THE TASK: Give back exactly the stretch of data below from the line holding "cmod (1 - a" through the line holding "with d show ?thesis", both ends included, and leave the remaining lines out.

(RECORDS SHOWN Opens)

(* If $f_i=h_i+\overline{g_i}\in S_H$ with $h_i(z)+g_i(z)=\dfrac{z}{1-z}$ for $i=1,2$, then for every $0\le t\le1$ the map $f=tf_1+(1-t)f_2$ belongs to $S_H$ and maps $E$ onto a domain convex in the direction of the imaginary axis.
   Context: $E=\{z\in\mathbb{C}:|z|<1\}$. $S_H$ denotes the class of harmonic, univalent, sense-preserving mappings $f=h+\overline{g}$ of $E$ ($h,g$ analytic, $h'\ne0$, $|g'/h'|<1$) normalized by $f(0)=0$, $f_z(0)=1$. A domain $\Omega$ is convex in the direction of the imaginary axis if every line parallel to the imaginary axis has connected or empty intersection with $\Omega$. *)

theory Defs
  imports "HOL-Analysis.Analysis"
begin

abbreviation unit_disk :: "complex set" where
  "unit_disk \<equiv> ball 0 1"

definition harm :: "(complex \<Rightarrow> complex) \<Rightarrow> (complex \<Rightarrow> complex) \<Rightarrow> complex \<Rightarrow> complex" where
  "harm h g = (\<lambda>z. h z + cnj (g z))"

definition SH_pair :: "(complex \<Rightarrow> complex) \<Rightarrow> (complex \<Rightarrow> complex) \<Rightarrow> bool" where
  "SH_pair h g \<longleftrightarrow>
     h holomorphic_on unit_disk \<and> g holomorphic_on unit_disk \<and>
     (\<forall>z\<in>unit_disk. deriv h z \<noteq> 0 \<and> norm (deriv g z / deriv h z) < 1) \<and>
     inj_on (harm h g) unit_disk \<and>
     harm h g 0 = 0 \<and> deriv h 0 = 1"

definition S_H :: "(complex \<Rightarrow> complex) set" where
  "S_H = {f. \<exists>h g. SH_pair h g \<and> (\<forall>z\<in>unit_disk. f z = harm h g z)}"

definition convex_imag_dir :: "complex set \<Rightarrow> bool" where
  "convex_imag_dir \<Omega> \<longleftrightarrow> (\<forall>x::real. connected (\<Omega> \<inter> {w. Re w = x}))"

end

theory Submission
  imports Defs
begin

text \<open>The map \<open>\<phi>(z) = z/(1 - z)\<close> sends the disk bijectively onto the half-plane
  \<open>Re w > -1/2\<close>. If \<open>h + g = \<phi>\<close>, then \<open>f = h + conj g\<close> satisfies \<open>Re f = Re \<phi>\<close> and
  \<open>Im f = Im (h - g)\<close>, and with \<open>q = h'(z) (1 - z)^2\<close> one has \<open>g'(z) (1 - z)^2 = 1 - q\<close>;
  so \<open>|g'| < |h'|\<close> says exactly \<open>Re q > 1/2\<close>, a condition that is convex in \<open>h\<close> and hence
  survives the convex combination. In half-plane coordinates \<open>w = \<phi>(z)\<close> the function
  \<open>h - g\<close> has derivative \<open>2q - 1\<close>, of positive real part, so \<open>Im f\<close> increases strictly
  along each vertical line: \<open>f\<close> is univalent and its vertical sections are connected.\<close>

lemma norm_one_minus_less_norm_iff: "cmod (1 - q) < cmod q \<longleftrightarrow> Re q > 1/2"
proof -
  have "cmod (1 - q) < cmod q \<longleftrightarrow> (cmod (1 - q))\<^sup>2 < (cmod q)\<^sup>2"
    by (metis norm_ge_zero power_less_imp_less_base power_strict_mono pos2)
  also have "\<dots> \<longleftrightarrow> Re q > 1/2"
    unfolding cmod_power2 by (simp add: power2_eq_square algebra_simps)
  finally show ?thesis .
qed

lemma dilatation_less_one_iff:
  fixes a b c :: complex
  assumes "(a + b) * c = 1"
  shows "a \<noteq> 0 \<and> cmod (b / a) < 1 \<longleftrightarrow> Re (a * c) > 1/2"
proof -
  have c: "c \<noteq> 0" using assms by auto
  have bc: "b * c = 1 - a * c" using assms by (simp add: algebra_simps)
  have "a \<noteq> 0 \<and> cmod (b / a) < 1 \<longleftrightarrow> a * c \<noteq> 0 \<and> cmod (b * c) < cmod (a * c)"
    using c by (auto simp: norm_divide norm_mult divide_less_eq)
  also have "\<dots> \<longleftrightarrow> cmod (1 - a * c) < cmod (a * c)"
    unfolding bc by auto
  finally show ?thesis by (simp add: norm_one_minus_less_norm_iff)
qed

lemma Re_div_one_minus_gt:
  assumes "cmod z < 1"
  shows "Re (z / (1 - z)) > -1/2"
proof -
  have n: "(Re z)\<^sup>2 + (Im z)\<^sup>2 < 1"
    using assms cmod_power2[of z] power_strict_mono[of "cmod z" 1 2] by simp
  have "Re z < 1" using assms abs_Re_le_cmod[of z] by linarith
  hence d: "(1 - Re z)\<^sup>2 + (Im z)\<^sup>2 > 0" by (intro add_pos_nonneg) auto
  have "-1/2 * ((1 - Re z)\<^sup>2 + (Im z)\<^sup>2) < Re z * (1 - Re z) - Im z * Im z"
    using n by (simp add: power2_eq_square algebra_simps)
  with d show ?thesis
    by (simp add: Re_divide power2_eq_square less_divide_eq)
qed

lemma div_one_plus_mem_unit_disk:
  assumes "Re w > -1/2"
  shows "w / (1 + w) \<in> unit_disk"
proof -
  have w: "1 + w \<noteq> 0" using assms by (auto simp: complex_eq_iff)
  have "(cmod w)\<^sup>2 < (cmod (1 + w))\<^sup>2"
    using assms unfolding cmod_power2 by (simp add: power2_eq_square algebra_simps)
  hence "cmod w < cmod (1 + w)" by (rule power2_less_imp_less) simp
  with w show ?thesis by (simp add: norm_divide divide_less_eq)
qed

lemma image_div_one_plus_half_plane:
  "(\<lambda>w. w / (1 + w)) ` {w. Re w > -1/2} = unit_disk"
proof (intro equalityI subsetI)
  fix z assume z: "z \<in> unit_disk"
  hence "1 - z \<noteq> 0" by auto
  hence "z = z / (1 - z) / (1 + z / (1 - z))" by (simp add: field_simps)
  moreover have "z / (1 - z) \<in> {w. Re w > -1/2}" using Re_div_one_minus_gt z by simp
  ultimately show "z \<in> (\<lambda>w. w / (1 + w)) ` {w. Re w > -1/2}" by blast
qed (use div_one_plus_mem_unit_disk in auto)

lemma convex_imp_convex_imag_dir:
  assumes "convex S"
  shows "convex_imag_dir S"
  unfolding convex_imag_dir_def
proof
  fix x :: real
  have "{w. Re w = x} = {w. x \<le> Re w} \<inter> {w. Re w \<le> x}" by auto
  hence "convex {w. Re w = x}"
    by (simp add: convex_Int convex_halfspace_Re_ge convex_halfspace_Re_le)
  thus "connected (S \<inter> {w. Re w = x})" by (intro convex_connected convex_Int assms)
qed

lemma convex_imag_dir_image:
  assumes "continuous_on S F" "\<And>w. w \<in> S \<Longrightarrow> Re (F w) = Re w" "convex_imag_dir S"
  shows "convex_imag_dir (F ` S)"
  unfolding convex_imag_dir_def
proof
  fix x :: real
  have "F ` S \<inter> {w. Re w = x} = F ` (S \<inter> {w. Re w = x})"
    using assms(2) by auto
  thus "connected (F ` S \<inter> {w. Re w = x})"
    using assms(1,3) unfolding convex_imag_dir_def
    by (metis connected_continuous_image continuous_on_subset inf_le1)
qed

(RECORDS SHOWN Closes)

TASK RESULT:
  also have "\<dots> \<longleftrightarrow> cmod (1 - a * c) < cmod (a * c)"
    unfolding bc by auto
  finally show ?thesis by (simp add: norm_one_minus_less_norm_iff)
qed

lemma Re_div_one_minus_gt:
  assumes "cmod z < 1"
  shows "Re (z / (1 - z)) > -1/2"
proof -
  have n: "(Re z)\<^sup>2 + (Im z)\<^sup>2 < 1"
    using assms cmod_power2[of z] power_strict_mono[of "cmod z" 1 2] by simp
  have "Re z < 1" using assms abs_Re_le_cmod[of z] by linarith
  hence d: "(1 - Re z)\<^sup>2 + (Im z)\<^sup>2 > 0" by (intro add_pos_nonneg) auto
  have "-1/2 * ((1 - Re z)\<^sup>2 + (Im z)\<^sup>2) < Re z * (1 - Re z) - Im z * Im z"
    using n by (simp add: power2_eq_square algebra_simps)
  with d show ?thesis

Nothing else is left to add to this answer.